Quickstart

This guide walks you through running Task A, which analyzes the frequency of favorite hobbies across all CircleNet users. You’ll learn how to build the JAR, copy it to your container, and execute a MapReduce job.

Prerequisites

Before you begin, ensure you have:

Docker container running with Hadoop installed (see setup guide)
CircleNet datasets loaded into HDFS at /circlenet/pages/CircleNetPage.csv
Maven installed for building the project
SSH access to your container on port 3000

If you haven’t set up your environment yet, follow the complete setup guide first.

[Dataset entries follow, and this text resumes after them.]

lemma radau_poly_degree_lead:
  assumes c: "c = -1 \<or> c = 1" "c * a \<le> 0"
  shows "degree (radau_poly c a) = n" "lead_coeff (radau_poly c a) > 0"
proof -
  have "c \<noteq> 0"
    using c by auto
  then have "degree ([:1, c:] * \<psi>) = Suc (degree \<psi>)"
    using psi_nonzero by (simp add: degree_mult_eq del: mult_pCons_left)
  then have deg: "degree ([:1, c:] * \<psi>) = n"
    using degree_psi degree_pos by simp
  have "lead_coeff ([:1, c:] * \<psi>) = c * lead_coeff \<psi>"
    using \<open>c \<noteq> 0\<close> by (simp add: lead_coeff_mult del: mult_pCons_left)
  then have "coeff (radau_poly c a) n = lead_coeff \<phi> - (c * a) * lead_coeff \<psi>"
    unfolding radau_poly_def using deg degree_phi by simp
  also have "\<dots> > 0"
    using c(2) lead_coeff_phi lead_coeff_psi mult_nonpos_nonneg[of "c * a" "lead_coeff \<psi>"] by linarith
  finally have pos: "coeff (radau_poly c a) n > 0" .
  have "degree (radau_poly c a) \<le> n"
    unfolding radau_poly_def using deg degree_phi
    by (intro degree_diff_le) (auto intro: order.trans[OF degree_smult_le])
  then show "degree (radau_poly c a) = n"
    using pos le_degree[of "radau_poly c a" n] by fastforce
  then show "lead_coeff (radau_poly c a) > 0"
    using pos by simp
qed

lemma radau_poly_quasi_orthogonal:
  assumes c: "c = -1 \<or> c = 1" and h: "degree h < n - 1"
  shows "wint_poly w ([:1, -c:] * (radau_poly c a * h)) = 0"
proof -
  have "[:1, -c:] * (radau_poly c a * h) = \<phi> * ([:1, -c:] * h) - smult a ([:1, 0, -1:] * (\<psi> * h))"
  proof (rule poly_ext)
    fix t
    have "c * c = 1"
      using c by auto
    then have "(1 - c * t) * (1 + c * t) = 1 - t * t"
      by (simp add: algebra_simps)
    then show "poly ([:1, -c:] * (radau_poly c a * h)) t
        = poly (\<phi> * ([:1, -c:] * h) - smult a ([:1, 0, -1:] * (\<psi> * h))) t"
      unfolding radau_poly_def
      by (simp add: algebra_simps) (metis (no_types, opaque_lifting) mult.assoc mult.left_commute)
  qed
  moreover have "degree [:1, -c::real:] \<le> 1"
    by simp
  then have "degree ([:1, -c:] * h) < n"
    using degree_mult_le[of "[:1, -c:]" h] h by arith
  ultimately show ?thesis
    using phi_orthogonal psi_orthogonal[OF h] by (simp add: wint_poly_diff wint_poly_smult)
qed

Step 1: Build the JAR file

From your project root directory, build the project using Maven:

mvn clean package -DskipTests

This command:

Cleans previous builds
Compiles all Java source files in the circlenet package
Packages everything into target/ds503_bdm-1.0-SNAPSHOT.jar
Skips tests for faster builds

The JAR file contains all compiled MapReduce jobs including mappers, reducers, and driver classes for all eight tasks.

Step 2: Copy JAR to container

Get your container ID and copy the JAR file:

docker ps

Copy the JAR using your container ID (replace dadc9d47d16e with yours):

docker cp target/ds503_bdm-1.0-SNAPSHOT.jar dadc9d47d16e:/home/ds503/

Step 3: Set up environment variables

SSH into your container:

ssh -p 3000 ds503@localhost

Default credentials are username ds503 and password ds503.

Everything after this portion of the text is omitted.